Réadaptation : 6 points. Pour la sortie d’un poste de Réadaptation.
Conseiller Pédagogique : 6 points. Uniquement pour les CP qui occupent le poste à Titre Provisoire et qui le demandent lors du mouvement.

BAREME = AGS + NOTE + BONIFICATION (3 décimales)

En cas d’égalité, les enseignants sont départagés en fonction de :
– Ordre des Voeux
– Ancienneté dans l’Échelon
– Date de Naissance

Les revendications du Snudi Fo

Adjoint Classe Maternelle dans une École Primaire

Le Snudi Fo dénonce la circulaire départementale qui soumet l’affectation de l’enseignant nommé à la décision du Conseil des Maîtres de l’école.

En ayant demandé un poste d’adjoint en maternelle, on peut donc enseigner en cycle 2 ou 3 !

Nous avons déjà fait remarquer l’aspect contradictoire de cette mesure à l’IA qui la maintient chaque année. Nous défendrons tous les collègues qui nous le demanderont.

Profilage

La multiplication des postes à profils remet en cause le paritarisme.
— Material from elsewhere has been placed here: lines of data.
(* Let $G$ be the star on $k$ vertices and $n\ge 1$. Then $$W(\Gamma^G_n)=\frac{(k-1)^2(2k^2-2k-1)}{k^3(2k-1)}\,2^nk^{2n}-\frac{(k-1)(k-2)}{k^2}\,k^{2n}+\frac{(k-1)(k-2)}{k^2(2k-1)}\,k^n .$$
   Context: Let $G=(V,E)$ be a finite tree with vertex set $V$ of size $k$, and fix an orientation of each edge, so that each edge becomes an ordered pair $e=(s,t)$. Each oriented edge $e=(s,t)$ acts on the set $V^*$ of finite words over the alphabet $V$ by the recursive rule: $e(\emptyset)=\emptyset$, $e(sw)=t\,e(w)$, $e(tw)=sw$, and $e(xw)=xw$ for $x\in V\setminus\{s,t\}$ (words are read left to right, $w\in V^*$). This action preserves word length. For $n\ge 1$, the Schreier graph $\Gamma_n^G$ is the multigraph with vertex set $V^n$ having, for each $u\in V^n$ and each oriented edge $e$ of $G$, one edge joining $u$ and $e(u)$, labelled $e$ (a loop if $e(u)=u$). For a connected graph $H$, the Wiener index is $W(H)=\sum_{\{u,v\}}d_H(u,v)$ over unordered pairs of vertices. The star on $k$ vertices is the tree with one vertex adjacent to all $k-1$ others. *)

theory Defs
  imports Main "HOL-Library.Library"
begin

fun edge_act :: "'a \<times> 'a \<Rightarrow> 'a list \<Rightarrow> 'a list" where
  "edge_act e [] = []"
| "edge_act (s, t) (x # w) =
     (if x = s then t # edge_act (s, t) w
      else if x = t then s # w
      else x # w)"

definition star_edges :: "'a set \<Rightarrow> 'a \<Rightarrow> 'a set set" where
  "star_edges V c = {{c, x} | x. x \<in> V - {c}}"

definition oriented_star :: "'a set \<Rightarrow> ('a \<times> 'a) set \<Rightarrow> bool" where
  "oriented_star V E \<longleftrightarrow>
     (\<exists>c \<in> V. bij_betw (\<lambda>(s, t). {s, t}) E (star_edges V c))"

definition words :: "'a set \<Rightarrow> nat \<Rightarrow> 'a list set" where
  "words V n = {w. length w = n \<and> set w \<subseteq> V}"

definition schreier_adj :: "'a set \<Rightarrow> ('a \<times> 'a) set \<Rightarrow> nat \<Rightarrow> ('a list \<times> 'a list) set" where
  "schreier_adj V E n =
     {(u, v). u \<in> words V n \<and> v \<in> words V n \<and>
              (\<exists>e \<in> E. v = edge_act e u \<or> u = edge_act e v)}"

definition schreier_connected :: "'a set \<Rightarrow> ('a \<times> 'a) set \<Rightarrow> nat \<Rightarrow> bool" where
  "schreier_connected V E n \<longleftrightarrow>
     (\<forall>u \<in> words V n. \<forall>v \<in> words V n. (u, v) \<in> (schreier_adj V E n)\<^sup>*)"

definition schreier_dist :: "'a set \<Rightarrow> ('a \<times> 'a) set \<Rightarrow> nat \<Rightarrow> 'a list \<Rightarrow> 'a list \<Rightarrow> nat" where
  "schreier_dist V E n u v = (LEAST m. (u, v) \<in> (schreier_adj V E n) ^^ m)"

text \<open>Wiener index: sum of distances over unordered pairs = half the sum over ordered pairs.\<close>
definition schreier_wiener :: "'a set \<Rightarrow> ('a \<times> 'a) set \<Rightarrow> nat \<Rightarrow> real" where
  "schreier_wiener V E n =
     (\<Sum>u \<in> words V n. \<Sum>v \<in> words V n. real (schreier_dist V E n u v)) / 2"

end

theory Submission
  imports Defs
begin

text \<open>Let \<open>c\<close> be the centre of the star and, for a leaf \<open>y\<close>, let \<open>\<sigma> y\<close> be the action of the
  edge \<open>(y, c)\<close>; the opposite orientation acts by the inverse map, so the Schreier graph joins
  every word \<open>w\<close> to \<open>\<sigma> y w\<close>. The only neighbours of a word \<open>y # w\<close> are \<open>c # w\<close> and
  \<open>c # \<sigma> y w\<close>, which gives, one level down, \<open>d(c # u, c # v) = 2 d(u, v)\<close>,
  \<open>d(y # w, c # v) = 1 + 2 min (d(w, v), d(\<sigma> y w, v))\<close>, and \<open>d(y # w, y' # w') = 2 + 2 m\<close>
  where \<open>m\<close> is the least distance between \<open>{w, \<sigma> y w}\<close> and \<open>{w', \<sigma> y' w'}\<close>.
  The graph is bipartite (first letter \<open>c\<close> or not), so distances to the two ends of an edge
  differ by exactly one and each minimum is an average up to a correction. The only
  non-linear correction counts the edges crossing the cut between the words closer to one end
  of an edge than to the other; by induction on the length, every edge has exactly two such
  crossings. Summing over all pairs gives \<open>S (n + 1) = 2 k\<^sup>2 S n + 2 f n (k\<^sup>n\<^sup>+\<^sup>1 - 1)\<close> for
  the sum \<open>S n\<close> of all distances (twice the Wiener index), \<open>f n\<close> being the number of loops,
  and the closed form solves this recurrence.\<close>

section \<open>Distance in the graph of a relation\<close>

definition graph_dist :: "('b \<times> 'b) set \<Rightarrow> 'b \<Rightarrow> 'b \<Rightarrow> nat" where
  "graph_dist R u v = (LEAST m. (u, v) \<in> R ^^ m)"

lemma graph_dist_le: "(u, v) \<in> R ^^ j \<Longrightarrow> graph_dist R u v \<le> j"
  unfolding graph_dist_def by (rule Least_le)

lemma relpow_graph_dist: "(u, v) \<in> R\<^sup>* \<Longrightarrow> (u, v) \<in> R ^^ graph_dist R u v"
  unfolding graph_dist_def by (metis LeastI rtrancl_imp_relpow)

lemma graph_dist_self [simp]: "graph_dist R u u = 0"
  using graph_dist_le[OF relpow_0_I] by simp

lemma graph_dist_pos: "(u, v) \<in> R\<^sup>* \<Longrightarrow> u \<noteq> v \<Longrightarrow> 0 < graph_dist R u v"
  using relpow_graph_dist[of u v R] by (cases "graph_dist R u v") auto

lemma graph_dist_step_le:
  "(u, v) \<in> R \<Longrightarrow> (v, w) \<in> R\<^sup>* \<Longrightarrow> graph_dist R u w \<le> Suc (graph_dist R v w)"
  by (meson graph_dist_le relpow_graph_dist relpow_Suc_I2)

lemma graph_dist_first_step:
  assumes "(u, w) \<in> R\<^sup>*" "u \<noteq> w"
  obtains v where "(u, v) \<in> R" "(v, w) \<in> R\<^sup>*" "graph_dist R u w = Suc (graph_dist R v w)"
proof -
  obtain n where n: "graph_dist R u w = Suc n"
    using graph_dist_pos[OF assms] by (cases "graph_dist R u w") auto
  then obtain v where v: "(u, v) \<in> R" "(v, w) \<in> R ^^ n"
    using relpow_graph_dist[OF assms(1)] by (metis relpow_Suc_D2)
  have "(v, w) \<in> R\<^sup>*" using v(2) by (rule relpow_imp_rtrancl)
  with v n graph_dist_le[OF v(2)] graph_dist_step_le[OF v(1)] show thesis
    by (intro that[of v]) force+
qed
De plus en plus de postes apparaissent au mouvement mais sont soumis à un entretien préalable qui ne tient pas compte du barème.

Nous demandons que les qualifications nécessaires et suffisantes soient définies pour chaque poste spécifique. Ainsi, les enseignants disposant des qualifications requises qui demandent ce poste seront départagés au barème.

Direction, ASH

Nous demandons que les enseignants qui ont occupé un poste de direction ou d’enseignement spécialisé à titre provisoire, et qui ont obtenu pendant l’année les qualifications nécessaires, bénéficient d’une priorité lorsqu’ils demandent ce poste (comme cela se fait pour les Conseillers Pédagogiques).